她干脆下了车,穿着高跟鞋沿着世纪大道一路走过去。陆家嘴的晚风裹挟着黄浦江的水腥味和金融区特有的、若有若无的金钱气息,吹在她的脸上,把她额前的碎发吹得有些凌乱。但她不在意,步伐越来越快,鞋跟敲在人行道上发出密集的脆响,像是在敲击着一扇紧闭了十年的大门。
律所的前台已经下班了,大厅里只亮着几盏节能灯,光线昏暗。苏砚推开玻璃门的时候,门口那盆绿萝在空调风里微微晃动,像是在替主人迎接她。
陆时衍在会议室的门口等她。他换了西装外套,只穿着一件白色衬衫,袖子卷到小臂中段,露出线条分明的前臂。衬衫的领口解开了两颗扣子,领带松松垮垮地挂在脖子上,看起来像是连续工作了十几个小时之后的状态。但他的眼神没有半分疲惫,反而亮得惊人——那种亮不是兴奋,而是一种将所有精力都集中在一个焦点上的专注,像是狙击手扣动扳机前的凝视。
苏砚见过他很多种表情。法庭上的锋芒毕露,谈判桌上的滴水不漏,被她的逻辑逼到死角时一闪而过的意外和欣赏。但她从来没有见过他现在这副表情——平静的表象之下,隐藏着一种随时准备为她挡子弹的警觉。
“东西在桌上。”陆时衍侧身让开了门,“你慢慢看,不着急。附近有家还在营业的粤菜馆,晚饭可以叫外卖。”
苏砚走进去,看到会议桌上整整齐齐地码放着一叠文件,旁边放着一台打开的笔记本电脑。一份一份,按时间顺序排列,每一份都用彩色标签标注了关键信息点。十年前银行流水的复印件旁边,贴着导师手写备忘录的照片放大版,上面用红笔圈出了“不留痕迹”四个字。

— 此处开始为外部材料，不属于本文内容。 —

(* Under the Gaussian copula model, fix $m\in\mathbb N$, $\alpha\in(0,1]$ and $\rho\in(0,1]$. Then: (a) for all integers $n,n'$ with $m\le n\le n'$, $$p^{\mathrm{G}}_{\mathrm{success}}(n,m,\alpha,\rho)\le p^{\mathrm{G}}_{\mathrm{success}}(n',m,\alpha,\rho);$$ (b) $\displaystyle\lim_{n\to\infty}p^{\mathrm{G}}_{\mathrm{success}}(n,m,\alpha,\rho)=1.$
   Context: Ordinal optimisation model: let $(Z_1,X_1),\dots,(Z_n,X_n)$ be i.i.d. copies of a pair $(Z,X)$ of real random variables. Order $Z_1,\dots,Z_n$ increasingly as $Z_{1:n}\le\dots\le Z_{n:n}$ and let $X_{\langle i\rangle}$ denote the $X$-value paired with $Z_{i:n}$. Let $x^*_\alpha$ be the $\alpha$-quantile of $X$. The success probability is $\Pr(\min_{1\le i\le m}X_{\langle i\rangle}\le x^*_\alpha)$. Gaussian copula model with correlation $\rho$: $Z,X$ have continuous marginal CDFs $F_Z,F_X$ and joint CDF $\boldsymbol\Phi_{\rho}(\Phi^{-1}(F_Z(z)),\Phi^{-1}(F_X(x)))$, with $\Phi$ the standard normal CDF and $\boldsymbol\Phi_\rho$ the standard bivariate normal CDF with correlation $\rho$. The success probability in this model is $p^{\mathrm{G}}_{\mathrm{success}}(n,m,\alpha,\rho)$. *)

theory Defs
  imports "HOL-Probability.Probability"
begin

definition std_normal :: "real measure" where
  "std_normal = density lborel std_normal_density"

text \<open>Law of a pair (Z,X) with standard normal marginals and Gaussian copula with
  correlation rho: (Z,X) = (U, rho U + sqrt(1 - rho^2) V), U,V i.i.d. standard normal.
  (This also covers the degenerate case rho = 1.)\<close>
definition gauss_pair :: "real \<Rightarrow> (real \<times> real) measure" where
  "gauss_pair \<rho> = distr (std_normal \<Otimes>\<^sub>M std_normal) (borel \<Otimes>\<^sub>M borel)
     (\<lambda>(u, v). (u, \<rho> * u + sqrt (1 - \<rho>\<^sup>2) * v))"

text \<open>alpha-quantile of X (generalised inverse of its CDF), as an extended real
  (equals +infinity when alpha = 1).\<close>
definition xstar :: "real \<Rightarrow> real \<Rightarrow> ereal" where
  "xstar \<alpha> \<rho> = Inf {ereal x | x. \<alpha> \<le> measure (gauss_pair \<rho>) {p. snd p \<le> x}}"

text \<open>Success probability: among n i.i.d. pairs (Z_j, X_j), the pairs whose Z-value is
  among the m smallest (Z_j has fewer than m strictly smaller Z-values; ties have
  probability zero) contain one with X_j \<le> x*_alpha.\<close>
definition p_success_G :: "nat \<Rightarrow> nat \<Rightarrow> real \<Rightarrow> real \<Rightarrow> real" where
  "p_success_G n m \<alpha> \<rho> =
     measure (PiM {..<n} (\<lambda>_. gauss_pair \<rho>))
       {\<omega> \<in> space (PiM {..<n} (\<lambda>_. gauss_pair \<rho>)).
          \<exists>j<n. card {k \<in> {..<n}. fst (\<omega> k) < fst (\<omega> j)} < m
               \<and> ereal (snd (\<omega> j)) \<le> xstar \<alpha> \<rho>}"

end

theory Submission
  imports Defs
begin

text \<open>
  Write the pairs as \<open>(Z\<^sub>j, X\<^sub>j) = (U\<^sub>j, \<rho> U\<^sub>j + \<sigma> V\<^sub>j)\<close> with \<open>\<sigma> = sqrt (1 - \<rho>\<^sup>2)\<close> and all
  \<open>U\<^sub>j, V\<^sub>j\<close> independent standard normal. Given \<open>U\<close>, the failure event (no selected \<open>X\<^sub>j\<close> is at
  most \<open>x*\<^sub>\<alpha>\<close>) has probability \<open>\<Prod> g (U\<^sub>j)\<close> over the indices of the \<open>m\<close> smallest \<open>U\<^sub>j\<close>, where
  \<open>g x = P (\<rho> x + \<sigma> V > x*\<^sub>\<alpha>)\<close> is nondecreasing with values in \<open>[0, 1]\<close>. A new sample either
  adds a factor \<open>\<le> 1\<close> or replaces the factor of the current \<open>m\<close>-th smallest value by the factor
  of a smaller value, so the failure probability decreases in \<open>n\<close>. Since the smallest \<open>U\<^sub>j\<close> is
  always selected, the failure probability is at most \<open>g x + P (U \<ge> x)\<^sup>n\<close> for every \<open>x\<close>;
  and \<open>g x \<rightarrow> 0\<close> as \<open>x \<rightarrow> -\<infinity>\<close> because \<open>x*\<^sub>\<alpha> > -\<infinity>\<close> for \<open>\<alpha> > 0\<close>.
\<close>

section \<open>Independent pairs in finite product spaces\<close>

lemma emeasure_pair_PiM_product_sections:
  assumes "finite I" "prob_space N"
    and X: "X \<in> sets (M \<Otimes>\<^sub>M PiM I (\<lambda>_. N))"
    and sections: "\<And>u. u \<in> space M \<Longrightarrow> Pair u -` X = Pi\<^sub>E I (B u)"
    and B: "\<And>u j. u \<in> space M \<Longrightarrow> j \<in> I \<Longrightarrow> B u j \<in> sets N"
  shows "emeasure (M \<Otimes>\<^sub>M PiM I (\<lambda>_. N)) X = (\<integral>\<^sup>+u. (\<Prod>j\<in>I. emeasure N (B u j)) \<partial>M)"
proof -
  interpret N: prob_space N by fact
  interpret PN: product_prob_space "\<lambda>_. N" ..
  have "sigma_finite_measure (PiM I (\<lambda>_. N))"
    by (intro prob_space_imp_sigma_finite prob_space_PiM N.prob_space_axioms)
  then have "emeasure (M \<Otimes>\<^sub>M PiM I (\<lambda>_. N)) X = (\<integral>\<^sup>+u. emeasure (PiM I (\<lambda>_. N)) (Pair u -` X) \<partial>M)"
    using X by (rule sigma_finite_measure.emeasure_pair_measure_alt)
  also have "\<dots> = (\<integral>\<^sup>+u. (\<Prod>j\<in>I. emeasure N (B u j)) \<partial>M)"
    using sections B by (intro nn_integral_cong) (simp add: PN.emeasure_PiM \<open>finite I\<close>)
  finally show ?thesis .
qed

她的手指悬在那四个字上方,没有碰到纸张,就那样悬着。良久,她说了一句话。
“他写这四个字的时候,有没有想过,有一个十岁的女孩,等着她爸爸回家吃饭?”
陆时衍没有说话。他只是在苏砚身边坐了下来,把她面前冷掉的咖啡换成了温水,然后安静地等待着。在过去的十年里,她没有向任何人问出过这个问题。现在她问了,他要做的就是让她知道——这次的答案,有人陪她一起去找。